TASK REQUIREMENTS → Return each line in the records below that includes "commute".

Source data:
lemma weight_insert_out:
  assumes "finite Y" "i \<notin> Y" "K \<subseteq> Y"
  shows "weight w z (insert i Y) K = weight w z Y K * (\<Prod>k\<in>K. (z k - z i * w) / (z k - z i))"
proof -
  have "insert i Y - K = insert i (Y - K)" "i \<notin> Y - K" using assms by auto
  then show ?thesis
    unfolding weight_def using assms(1) by (simp add: mult.commute)
qed

lemma weight_insert_in:
  assumes "finite K" "i \<notin> Y" "K \<subseteq> Y"
  shows "weight w z (insert i Y) (insert i K)
       = weight w z Y K * (\<Prod>j\<in>Y - K. (z i - z j * w) / (z i - z j))"
proof -
  have "insert i Y - insert i K = Y - K" "i \<notin> K" using assms by auto
  then show ?thesis
    unfolding weight_def using assms(1) by (simp add: prod.distrib[symmetric] mult.commute)
qed

lemma sum_Pow_insert:
  assumes "finite F" "y \<notin> F"
  shows "(\<Sum>K\<in>Pow (insert y F). f K) = (\<Sum>K\<in>Pow F. f K) + (\<Sum>K\<in>Pow F. f (insert y K))"
proof -
  have "inj_on (insert y) (Pow F)" "Pow F \<inter> insert y ` Pow F = {}"
    using assms(2) by (auto simp: inj_on_def)
  then show ?thesis
    unfolding Pow_insert using assms(1) by (simp add: sum.union_disjoint sum.reindex)
qed

lemma sum_card_slice_insert:
  assumes "finite F" "y \<notin> F"
  shows "(\<Sum>K\<in>Pow (insert y F). if P (card K) then f K else 0)
       = (\<Sum>K\<in>Pow F. if P (card K) then f K else 0)
       + (\<Sum>K\<in>Pow F. if P (Suc (card K)) then f (insert y K) else 0)"
proof -
  have "card (insert y K) = Suc (card K)" if "K \<in> Pow F" for K
    using that assms by (auto intro: card_insert_disjoint finite_subset)
  then show ?thesis
    unfolding sum_Pow_insert[OF assms] by (intro arg_cong2[where f = "(+)"] sum.cong) auto
qed

lemma sum_card_slice_single:
  assumes "finite Y" "A \<subseteq> Y" "card A = n" "\<And>K. K \<subseteq> Y \<Longrightarrow> card K = n \<Longrightarrow> K = A"
  shows "(\<Sum>K\<in>Pow Y. if card K = n then f K else 0) = f A"
proof -
  have "(\<Sum>K\<in>Pow Y. if card K = n then f K else 0) = (\<Sum>K\<in>Pow Y. if K = A then f K else 0)"
  proof (rule sum.cong[OF refl])
    fix K assume "K \<in> Pow Y"
    then have "card K = n \<longleftrightarrow> K = A" using assms(3,4) by blast
    then show "(if card K = n then f K else 0) = (if K = A then f K else 0)" by simp
  qed
  then show ?thesis using assms(1,2) by simp
qed

lemma sum_Pow_by_card:
  assumes "finite Y"
  shows "(\<Sum>K\<in>Pow Y. f K) = (\<Sum>n\<le>card Y. \<Sum>K\<in>Pow Y. if card K = n then f K else 0)"
proof -
  have "(\<Sum>n\<le>card Y. \<Sum>K\<in>Pow Y. if card K = n then f K else 0)
      = (\<Sum>K\<in>Pow Y. \<Sum>n\<le>card Y. if card K = n then f K else 0)"
    by (rule sum.swap)
  also have "\<dots> = (\<Sum>K\<in>Pow Y. f K)"
    using assms by (intro sum.cong) (auto simp: card_mono)
  finally show ?thesis ..
qed

lemma card_add_card_Diff: "finite F \<Longrightarrow> K \<subseteq> F \<Longrightarrow> card K + card (F - K) = card F"
  using card_Int_Diff[of F K] by (simp add: Int_absorb1 Int_absorb2)

lemma prod_divide_cancel:
  fixes a d :: "'a \<Rightarrow> 'b :: field"
  assumes "\<And>x. x \<in> A \<Longrightarrow> d x \<noteq> 0"
  shows "(\<Prod>x\<in>A. a x / d x) * (\<Prod>x\<in>A. d x) = (\<Prod>x\<in>A. a x)"
  using assms by (simp add: prod.distrib[symmetric])

section \<open>Products of linear polynomials\<close>

lemma coeff_mult_top:
  fixes p q :: "'a :: idom poly"
  assumes "degree p \<le> m" "degree q \<le> n"
  shows "coeff (p * q) (m + n) = coeff p m * coeff q n"
proof (cases "degree p = m \<and> degree q = n")
  case True
  then show ?thesis using coeff_mult_degree_sum[of p q] by simp
next
  case False
  then have "degree (p * q) < m + n" "coeff p m * coeff q n = 0"
    using assms degree_mult_le[of p q] by (auto simp: coeff_eq_0)
  then show ?thesis by (simp add: coeff_eq_0)
qed

lemma linear_prod_top:
  fixes a c :: "'b \<Rightarrow> 'a :: idom"
  assumes "finite A"
  shows "degree (\<Prod>k\<in>A. [:a k, c k:]) \<le> card A"
    and "coeff (\<Prod>k\<in>A. [:a k, c k:]) (card A) = (\<Prod>k\<in>A. c k)"
proof -
  have "degree (\<Prod>k\<in>A. [:a k, c k:]) \<le> card A \<and> coeff (\<Prod>k\<in>A. [:a k, c k:]) (card A) = (\<Prod>k\<in>A. c k)"
    using assms
  proof (induction A rule: finite_induct)
    case (insert x F)
    define P where "P = (\<Prod>k\<in>F. [:a k, c k:])"
    have "degree [:a x, c x:] \<le> 1" by simp
    then have "degree ([:a x, c x:] * P) \<le> 1 + card F"
      using insert.IH unfolding P_def by (meson add_mono degree_mult_le order_trans)
    moreover have "coeff ([:a x, c x:] * P) (1 + card F) = c x * coeff P (card F)"
      using coeff_mult_top[of "[:a x, c x:]" 1 P "card F"] insert.IH unfolding P_def by simp
    ultimately show ?case
      using insert unfolding P_def by (simp del: mult_pCons_left)
  qed simp
  then show "degree (\<Prod>k\<in>A. [:a k, c k:]) \<le> card A"
    and "coeff (\<Prod>k\<in>A. [:a k, c k:]) (card A) = (\<Prod>k\<in>A. c k)" by simp_all
qed

lemma degree_linear_prod_le:
  fixes a c :: "'b \<Rightarrow> 'a :: idom"
  assumes "finite A"
  shows "degree (\<Prod>k\<in>A. [:a k, c k:]) \<le> card {k\<in>A. c k \<noteq> 0}"
proof -
  have "degree (\<Prod>k\<in>A. [:a k, c k:]) \<le> (\<Sum>k\<in>A. degree [:a k, c k:])"
    using degree_prod_sum_le[OF assms, of "\<lambda>k. [:a k, c k:]"] by (simp only: comp_def)
  also have "\<dots> = (\<Sum>k\<in>A. if c k \<noteq> 0 then 1 else 0)"
    by (intro sum.cong) auto
  also have "\<dots> = card {k\<in>A. c k \<noteq> 0}"
    using sum.inter_filter[OF assms, of "\<lambda>_. 1 :: nat"] by simp
  finally show ?thesis .
qed

section \<open>The classical identity for the weights\<close>

text \<open>To add a new index y to F with z y playing the role of a variable x, the denominators
  z_k - x of the new weights are cleared by the node polynomial prod_(j in F) (x - z_j).  The
  numerators that remain are out_poly (y not in K) and in_poly (y in K).\<close>

definition node_poly :: "('a \<Rightarrow> complex) \<Rightarrow> 'a set \<Rightarrow> complex poly" where
  "node_poly z F = (\<Prod>j\<in>F. [:- z j, 1:])"

definition out_poly :: "complex \<Rightarrow> ('a \<Rightarrow> complex) \<Rightarrow> 'a set \<Rightarrow> 'a set \<Rightarrow> complex poly" where
  "out_poly w z F K = (\<Prod>k\<in>K. [:- z k, w:]) * (\<Prod>j\<in>F - K. [:- z j, 1:])"

definition in_poly :: "complex \<Rightarrow> ('a \<Rightarrow> complex) \<Rightarrow> 'a set \<Rightarrow> 'a set \<Rightarrow> complex poly" where
  "in_poly w z F K = (\<Prod>k\<in>K. [:- z k, 1:]) * (\<Prod>j\<in>F - K. [:- (z j * w), 1:])"

lemma node_poly_top: "finite F \<Longrightarrow> degree (node_poly z F) \<le> card F \<and> coeff (node_poly z F) (card F) = 1"
  unfolding node_poly_def using linear_prod_top[of F "\<lambda>j. - z j" "\<lambda>_. 1"] by simp

lemma out_poly_top:
  assumes "finite F" "K \<subseteq> F"
  shows "degree (out_poly w z F K) \<le> card F \<and> coeff (out_poly w z F K) (card F) = w ^ card K"
proof -
  have fin: "finite K" "finite (F - K)" using assms by (auto intro: finite_subset)
  show ?thesis
    unfolding out_poly_def card_add_card_Diff[OF assms, symmetric]
    using linear_prod_top[OF fin(1), of "\<lambda>k. - z k" "\<lambda>_. w"]
      linear_prod_top[OF fin(2), of "\<lambda>j. - z j" "\<lambda>_. 1"]
    by (simp add: coeff_mult_top order_trans[OF degree_mult_le] add_mono)
qed

lemma in_poly_top:
  assumes "finite F" "K \<subseteq> F"
  shows "degree (in_poly w z F K) \<le> card F \<and> coeff (in_poly w z F K) (card F) = 1"
proof -
  have fin: "finite K" "finite (F - K)" using assms by (auto intro: finite_subset)
  show ?thesis
    unfolding in_poly_def card_add_card_Diff[OF assms, symmetric]
    using linear_prod_top[OF fin(1), of "\<lambda>k. - z k" "\<lambda>_. 1"]
      linear_prod_top[OF fin(2), of "\<lambda>j. - (z j * w)" "\<lambda>_. 1"]
    by (simp add: coeff_mult_top order_trans[OF degree_mult_le] add_mono)
qed

lemma weight_insert_out_cleared:
  assumes "finite F" "y \<notin> F" "z y \<notin> z ` F" "K \<subseteq> F"
  shows "weight w z (insert y F) K * poly (node_poly z F) (z y)
       = weight w z F K * poly (out_poly w z F K) (z y)"
proof -
  have ne: "z y - z k \<noteq> 0" if "k \<in> K" for k
    using that assms(3,4) by (metis eq_iff_diff_eq_0 image_eqI subsetD)
  have node: "poly (node_poly z F) (z y) = (\<Prod>k\<in>K. z y - z k) * (\<Prod>j\<in>F - K. z y - z j)"
    unfolding node_poly_def poly_prod using prod.subset_diff[OF assms(4,1)] by (simp add: mult.commute)
  have "(\<Prod>k\<in>K. (z k - z y * w) / (z k - z y)) = (\<Prod>k\<in>K. (z y * w - z k) / (z y - z k))"
    by (intro prod.cong refl) (metis minus_diff_eq minus_divide_divide)
  then have "(\<Prod>k\<in>K. (z k - z y * w) / (z k - z y)) * (\<Prod>k\<in>K. z y - z k) = (\<Prod>k\<in>K. z y * w - z k)"
    using prod_divide_cancel[of K "\<lambda>k. z y - z k" "\<lambda>k. z y * w - z k", OF ne] by simp
  then show ?thesis
    unfolding weight_insert_out[OF assms(1,2,4)] node out_poly_def by (simp add: poly_prod ac_simps)
qed

lemma weight_insert_in_cleared:
  assumes "finite F" "y \<notin> F" "z y \<notin> z ` F" "K \<subseteq> F"
  shows "weight w z (insert y F) (insert y K) * poly (node_poly z F) (z y)
       = weight w z F K * poly (in_poly w z F K) (z y)"
proof -
  have fin: "finite K" using assms(1,4) by (rule finite_subset[rotated])
  have ne: "z y - z j \<noteq> 0" if "j \<in> F - K" for j
    using that assms(3) by (metis DiffD1 eq_iff_diff_eq_0 image_eqI)
  have node: "poly (node_poly z F) (z y) = (\<Prod>k\<in>K. z y - z k) * (\<Prod>j\<in>F - K. z y - z j)"
    unfolding node_poly_def poly_prod using prod.subset_diff[OF assms(4,1)] by (simp add: mult.commute)
  have "(\<Prod>j\<in>F - K. (z y - z j * w) / (z y - z j)) * (\<Prod>j\<in>F - K. z y - z j)
      = (\<Prod>j\<in>F - K. z y - z j * w)"
    using prod_divide_cancel[of "F - K" "\<lambda>j. z y - z j", OF ne] by simp
  then show ?thesis
    unfolding weight_insert_in[OF fin assms(2,4)] node in_poly_def by (simp add: poly_prod ac_simps)
qed

text \<open>At a node x = z_i the cleared terms of K \<union> {i} (i taken) and of K (i not taken)
  cancel: both reduce, via the two clearing lemmas for G = F - {i}, to the same product.\<close>

lemma weight_pairs_cancel:
  assumes "finite G" "i \<notin> G" "z i \<notin> z ` G" "K \<subseteq> G"
  shows "weight w z (insert i G) (insert i K) * poly (out_poly w z (insert i G) (insert i K)) (z i)
       + weight w z (insert i G) K * poly (in_poly w z (insert i G) K) (z i) = 0"
proof -
  have fin: "finite K" using assms(1,4) by (rule finite_subset[rotated])
  have "insert i G - insert i K = G - K" "insert i G - K = insert i (G - K)" "i \<notin> K" "i \<notin> G - K"
    using assms(2,4) by auto
  then have out: "out_poly w z (insert i G) (insert i K) = [:- z i, w:] * out_poly w z G K"
    and inn: "in_poly w z (insert i G) K = [:- (z i * w), 1:] * in_poly w z G K"
    unfolding out_poly_def in_poly_def using fin assms(1)
    by (simp_all add: ac_simps del: mult_pCons_left mult_pCons_right)
  define N where "N = poly (node_poly z G) (z i)"
  have "N \<noteq> 0"
    using assms(1,3) unfolding N_def node_poly_def poly_prod by auto
  moreover have "(weight w z (insert i G) (insert i K) * poly (out_poly w z (insert i G) (insert i K)) (z i)
       + weight w z (insert i G) K * poly (in_poly w z (insert i G) K) (z i)) * N
     = (z i * w - z i) * (poly (out_poly w z G K) (z i) * (weight w z (insert i G) (insert i K) * N)
                          - poly (in_poly w z G K) (z i) * (weight w z (insert i G) K * N))"
    unfolding out inn by (simp add: algebra_simps)
  moreover have "\<dots> = 0"
    using weight_insert_out_cleared[OF assms] weight_insert_in_cleared[OF assms]
    unfolding N_def by (simp add: ac_simps)
  ultimately show ?thesis by simp
qed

WRITTEN REPLY →
    unfolding weight_def using assms(1) by (simp add: mult.commute)
    unfolding weight_def using assms(1) by (simp add: prod.distrib[symmetric] mult.commute)
    unfolding node_poly_def poly_prod using prod.subset_diff[OF assms(4,1)] by (simp add: mult.commute)
    unfolding node_poly_def poly_prod using prod.subset_diff[OF assms(4,1)] by (simp add: mult.commute)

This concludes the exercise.